(* Let $(\vec U,\le,{}^*,\vee,\wedge)$ be a universe of separations containing a separation system $\vec S$ (with induced order and involution), and let $\mathcal F\subseteq 2^{\vec S}$ be a set of stars. Let $(T,\alpha)$ be an irredundant $S$-tree over $\mathcal F$, let $x$ be a leaf of $T$, and let $\vec e$ be the edge of $T$ at $x$ oriented away from $x$. Assume $\vec r:=\alpha(\vec e)$ is nontrivial and nondegenerate and that $\alpha(\vec e\,')\neq\vec r$ for every $\vec e\,'\in\vec E(T)$ other than $\vec e$. Let $\vec s_0\in\vec S$ be $\mathcal F$-linked to $\vec r$, and let $\alpha':=f^{\vec r}_{\vec s_0}\circ\alpha$. Then $\alpha'$ is well defined with values in $\vec S$, and $(T,\alpha')$ is an $S$-tree over $\mathcal F\cup\{\{\overleftarrow s_0\}\}$ in which $\{\overleftarrow s_0\}$ is associated with $x$ but with no other leaf of $T$.
   Context: A separation system $(\vec S,\le,{}^* )$ is a partially ordered set with an order-reversing involution ${}^*$; write $\overleftarrow s:=\vec s^{\,*}$, a separation is $s=\{\vec s,\overleftarrow s\}$, $S$ is the set of separations, $s$ is degenerate if $\vec s=\overleftarrow s$, and $\vec r$ is trivial in $\vec S$ if there is $s\in S$ with $\vec r<\vec s$ and $\vec r<\overleftarrow s$. A star is a nonempty $\sigma\subseteq\vec S$ with $\vec r\le\overleftarrow s$ for all distinct $\vec r,\vec s\in\sigma$. A universe of separations $(\vec U,\le,{}^*,\vee,\wedge)$ is a separation system in which any two elements have a supremum $\vee$ and infimum $\wedge$. An $S$-tree is a pair $(T,\alpha)$ with $T$ a finite tree with at least one edge and $\alpha:\vec E(T)\to\vec S$ ($\vec E(T)=\{(x,y):\{x,y\}\in E(T)\}$) with $\alpha(y,x)=\alpha(x,y)^*$; $\alpha(\vec F_t)$, $\vec F_t=\{(y,t):yt\in E(T)\}$, is associated with node $t$; it is over $\mathcal F$ if $\alpha(\vec F_t)\in\mathcal F$ for all $t$; it is irredundant if no node $t$ has distinct neighbours $t',t''$ with $\alpha(t',t)=\alpha(t'',t)$. For nontrivial nondegenerate $\vec r\in\vec S$, $S_{\ge\vec r}$ is the set of $s\in S$ with an orientation $\ge\vec r$ and $\vec S_{\ge\vec r}$ the set of their orientations. For $\vec s_0\ge\vec r$ in $\vec S$, the shifting map $f^{\vec r}_{\vec s_0}:\vec S_{\ge\vec r}\to\vec U$ is given by $f(\vec s)=\vec s\vee\vec s_0$ and $f(\overleftarrow s)=(\vec s\vee\vec s_0)^*$ for all $\vec s\in\vec S_{\ge\vec r}\setminus\{\overleftarrow r\}$ with $\vec s\ge\vec r$. $\vec s_0\in\vec S$ is linked to $\vec r$ if $\vec s_0\ge\vec r$ and every $\vec s\in\vec S$ with $\vec s\ge\vec r$, $\vec s\ne\overleftarrow r$ satisfies $\vec s\vee\vec s_0\in\vec S$. It is $\mathcal F$-linked to $\vec r$ if it is linked to $\vec r$ and for every star $\sigma\in\mathcal F$ with $\sigma\subseteq\vec S_{\ge\vec r}\setminus\{\overleftarrow r\}$ that has an element $\ge\vec r$, the image $f^{\vec r}_{\vec s_0}(\sigma)$ lies in $\mathcal F$. *)

theory Defs
  imports Main
begin

text \<open>The universe is the carrier type 'u, a lattice (so suprema/infima exist: sup, inf),
  together with an order-reversing involution star.\<close>
definition universe :: "('u::lattice \<Rightarrow> 'u) \<Rightarrow> bool" where
  "universe star \<longleftrightarrow> (\<forall>x. star (star x) = x) \<and> (\<forall>x y. x \<le> y \<longrightarrow> star y \<le> star x)"

definition sep_system :: "('u::lattice \<Rightarrow> 'u) \<Rightarrow> 'u set \<Rightarrow> bool" where
  "sep_system star S \<longleftrightarrow> (\<forall>s\<in>S. star s \<in> S)"

definition degenerate :: "('u::lattice \<Rightarrow> 'u) \<Rightarrow> 'u \<Rightarrow> bool" where
  "degenerate star s \<longleftrightarrow> s = star s"

definition trivial_in :: "('u::lattice \<Rightarrow> 'u) \<Rightarrow> 'u set \<Rightarrow> 'u \<Rightarrow> bool" where
  "trivial_in star S r \<longleftrightarrow> (\<exists>s\<in>S. r < s \<and> r < star s)"

definition is_star :: "('u::lattice \<Rightarrow> 'u) \<Rightarrow> 'u set \<Rightarrow> 'u set \<Rightarrow> bool" where
  "is_star star S \<sigma> \<longleftrightarrow> \<sigma> \<noteq> {} \<and> \<sigma> \<subseteq> S \<and> (\<forall>r\<in>\<sigma>. \<forall>s\<in>\<sigma>. r \<noteq> s \<longrightarrow> r \<le> star s)"

definition S_ge :: "('u::lattice \<Rightarrow> 'u) \<Rightarrow> 'u set \<Rightarrow> 'u \<Rightarrow> 'u set" where
  "S_ge star S r = {s \<in> S. r \<le> s \<or> r \<le> star s}"

text \<open>Shifting map f^r_{s0}: f(s) = s \<squnion> s0 and f(star s) = star (s \<squnion> s0) for s \<ge> r, s \<noteq> star r.
  (Meaningful on S_ge star S r.)\<close>
definition shift :: "('u::lattice \<Rightarrow> 'u) \<Rightarrow> 'u \<Rightarrow> 'u \<Rightarrow> 'u \<Rightarrow> 'u" where
  "shift star r s0 s = (if r \<le> s \<and> s \<noteq> star r then sup s s0 else star (sup (star s) s0))"

definition linked :: "('u::lattice \<Rightarrow> 'u) \<Rightarrow> 'u set \<Rightarrow> 'u \<Rightarrow> 'u \<Rightarrow> bool" where
  "linked star S r s0 \<longleftrightarrow> s0 \<in> S \<and> r \<le> s0 \<and>
     (\<forall>s\<in>S. r \<le> s \<and> s \<noteq> star r \<longrightarrow> sup s s0 \<in> S)"

definition F_linked :: "('u::lattice \<Rightarrow> 'u) \<Rightarrow> 'u set \<Rightarrow> 'u set set \<Rightarrow> 'u \<Rightarrow> 'u \<Rightarrow> bool" where
  "F_linked star S F r s0 \<longleftrightarrow> linked star S r s0 \<and>
     (\<forall>\<sigma>\<in>F. is_star star S \<sigma> \<and> \<sigma> \<subseteq> S_ge star S r - {star r} \<and> (\<exists>s\<in>\<sigma>. r \<le> s)
        \<longrightarrow> shift star r s0 ` \<sigma> \<in> F)"

text \<open>A graph is given by a vertex set V and a set E of oriented edges (x,y); each
  undirected edge {x,y} appears as both (x,y) and (y,x).\<close>
definition is_cycle :: "('v \<times> 'v) set \<Rightarrow> 'v list \<Rightarrow> bool" where
  "is_cycle E cs \<longleftrightarrow> length cs \<ge> 3 \<and> distinct cs \<and>
     (\<forall>i. Suc i < length cs \<longrightarrow> (cs ! i, cs ! Suc i) \<in> E) \<and> (last cs, hd cs) \<in> E"

definition finite_tree :: "'v set \<Rightarrow> ('v \<times> 'v) set \<Rightarrow> bool" where
  "finite_tree V E \<longleftrightarrow> finite V \<and> E \<subseteq> V \<times> V \<and> E \<noteq> {} \<and>
     (\<forall>x y. (x, y) \<in> E \<longrightarrow> (y, x) \<in> E) \<and> (\<forall>x. (x, x) \<notin> E) \<and>
     (\<forall>x\<in>V. \<forall>y\<in>V. (x, y) \<in> E\<^sup>*) \<and> (\<nexists>cs. is_cycle E cs)"

definition neighbours :: "('v \<times> 'v) set \<Rightarrow> 'v \<Rightarrow> 'v set" where
  "neighbours E t = {y. (y, t) \<in> E}"

definition is_leaf :: "'v set \<Rightarrow> ('v \<times> 'v) set \<Rightarrow> 'v \<Rightarrow> bool" where
  "is_leaf V E x \<longleftrightarrow> x \<in> V \<and> card (neighbours E x) = 1"

definition F_at :: "('v \<times> 'v) set \<Rightarrow> 'v \<Rightarrow> ('v \<times> 'v) set" where
  "F_at E t = {(y, t) | y. (y, t) \<in> E}"

definition S_tree :: "('u::lattice \<Rightarrow> 'u) \<Rightarrow> 'u set \<Rightarrow> 'v set \<Rightarrow> ('v \<times> 'v) set
    \<Rightarrow> ('v \<times> 'v \<Rightarrow> 'u) \<Rightarrow> bool" where
  "S_tree star S V E \<alpha> \<longleftrightarrow> finite_tree V E \<and> (\<forall>e\<in>E. \<alpha> e \<in> S) \<and>
     (\<forall>x y. (x, y) \<in> E \<longrightarrow> \<alpha> (y, x) = star (\<alpha> (x, y)))"

definition over :: "'v set \<Rightarrow> ('v \<times> 'v) set \<Rightarrow> ('v \<times> 'v \<Rightarrow> 'u) \<Rightarrow> 'u set set \<Rightarrow> bool" where
  "over V E \<alpha> F \<longleftrightarrow> (\<forall>t\<in>V. \<alpha> ` F_at E t \<in> F)"

definition irredundant :: "'v set \<Rightarrow> ('v \<times> 'v) set \<Rightarrow> ('v \<times> 'v \<Rightarrow> 'u) \<Rightarrow> bool" where
  "irredundant V E \<alpha> \<longleftrightarrow> (\<nexists>t t' t''. t \<in> V \<and> (t', t) \<in> E \<and> (t'', t) \<in> E \<and> t' \<noteq> t''
      \<and> \<alpha> (t', t) = \<alpha> (t'', t))"

end

theory Submission
  imports Defs
begin

(* Write r = alpha(x,y) for the image of the leaf edge and f for the shifting
   map f^r_{s0}.
   (1) Order-theoretic facts about f, valid in any universe for a nontrivial nondegenerate r
       and an s0 linked to r: f maps S_{>=r} into S, commutes with the involution, sends
       star r to star s0, and never sends a separation s >= r (s ~= star r) to star s0.
   (2) Tree facts for an irredundant S-tree over stars: at every node two distinct incoming
       edges satisfy alpha(u,w) <= alpha(w,v); following a shortest path from the leaf x
       this gives, for every node v ~= x, an incoming edge whose label is >= r.  Hence
       every label lies in S_{>=r}, and if r is labelled only at (x,y) then the star at any
       node t ~= x lies in S_{>=r} - {star r} and contains an element >= r.
   The theorem combines the two: (1) makes f o alpha an S-tree, (2) together with
   F-linkedness puts the stars at nodes t ~= x into F, the star at x becomes {star s0},
   and the last fact of (1) rules out {star s0} at any other leaf. *)

text \<open>The last step of a shortest walk of length n+1 comes from a vertex at distance
  exactly n.  Needed to propagate orientations outward from the leaf.\<close>
lemma shortest_walk_predecessor:
  assumes walk: "(x, v) \<in> E ^^ Suc n" and shortest: "\<forall>m<Suc n. (x, v) \<notin> E ^^ m"
  obtains w where "(x, w) \<in> E ^^ n" "\<forall>m<n. (x, w) \<notin> E ^^ m" "(w, v) \<in> E"
proof -
  from walk obtain w where xw: "(x, w) \<in> E ^^ n" and wv: "(w, v) \<in> E"
    by (metis relpow_Suc_E)
  have "(x, w) \<notin> E ^^ m" if "m < n" for m
  proof
    assume "(x, w) \<in> E ^^ m"
    then have "(x, v) \<in> E ^^ Suc m" using wv by (rule relpow_Suc_I)
    moreover have "Suc m < Suc n" using \<open>m < n\<close> by simp
    ultimately show False using shortest by blast
  qed
  then show thesis using that xw wv by blast
qed

section \<open>The shifting map\<close>

lemma universe_involution: "universe star \<Longrightarrow> star (star a) = a"
  unfolding universe_def by auto

lemma universe_star_swap: "universe star \<Longrightarrow> star a = b \<longleftrightarrow> a = star b"
  using universe_involution by metis

lemma shift_up: "r \<le> s \<Longrightarrow> s \<noteq> star r \<Longrightarrow> shift star r s0 s = sup s s0"
  unfolding shift_def by simp

lemma shift_down: "\<not> (r \<le> s \<and> s \<noteq> star r) \<Longrightarrow> shift star r s0 s = star (sup (star s) s0)"
  unfolding shift_def by (rule if_not_P)

context
  fixes star :: "'u::lattice \<Rightarrow> 'u" and S :: "'u set" and r s0 :: 'u
  assumes U: "universe star"
    and S: "sep_system star S"
    and nontriv: "\<not> trivial_in star S r"
    and nondeg: "\<not> degenerate star r"
    and linked: "linked star S r s0"
begin

lemmas involution = universe_involution[OF U]
  and star_swap = universe_star_swap[OF U]

lemma s0_in_S: "s0 \<in> S" and r_le_s0: "r \<le> s0"
  using linked unfolding linked_def by auto

lemma nontrivial_below_both:
  assumes "s \<in> S" "r \<le> s" "r \<le> star s"
  shows "r = s \<or> r = star s"
  using nontriv assms unfolding trivial_in_def by (auto simp: less_le)

lemma shift_star_r: "shift star r s0 (star r) = star s0"
  using shift_down[of r "star r" star s0] r_le_s0 involution by (simp add: sup_absorb2)

text \<open>Linkedness makes the shifting map take values in S.\<close>
lemma shift_in_S:
  assumes s: "s \<in> S_ge star S r"
  shows "shift star r s0 s \<in> S"
proof -
  have sS: "s \<in> S" and or: "r \<le> s \<or> r \<le> star s" using s unfolding S_ge_def by auto
  have sup_in_S: "\<And>t. t \<in> S \<Longrightarrow> r \<le> t \<Longrightarrow> t \<noteq> star r \<Longrightarrow> sup t s0 \<in> S"
    using linked unfolding linked_def by auto
  have star_in_S: "\<And>t. t \<in> S \<Longrightarrow> star t \<in> S" using S unfolding sep_system_def by auto
  consider "r \<le> s \<and> s \<noteq> star r" | "s = star r" | "\<not> r \<le> s" by auto
  then show ?thesis
  proof cases
    case 1
    then show ?thesis using sup_in_S sS shift_up[of r s star s0] by auto
  next
    case 2
    then show ?thesis using shift_star_r star_in_S s0_in_S by simp
  next
    case 3
    then have "r \<le> star s" "star s \<noteq> star r" using or by (auto simp: star_swap involution)
    then show ?thesis using shift_down[of r s star s0] 3 sup_in_S star_in_S sS by auto
  qed
qed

--------------------------------

Search the listing for the word "simp". Copy every line in which it occurs.

Finished exercise:
    moreover have "Suc m < Suc n" using \<open>m < n\<close> by simp
  unfolding shift_def by simp
  using nontriv assms unfolding trivial_in_def by (auto simp: less_le)
  using shift_down[of r "star r" star s0] r_le_s0 involution by (simp add: sup_absorb2)
    then show ?thesis using shift_star_r star_in_S s0_in_S by simp
    then have "r \<le> star s" "star s \<noteq> star r" using or by (auto simp: star_swap involution)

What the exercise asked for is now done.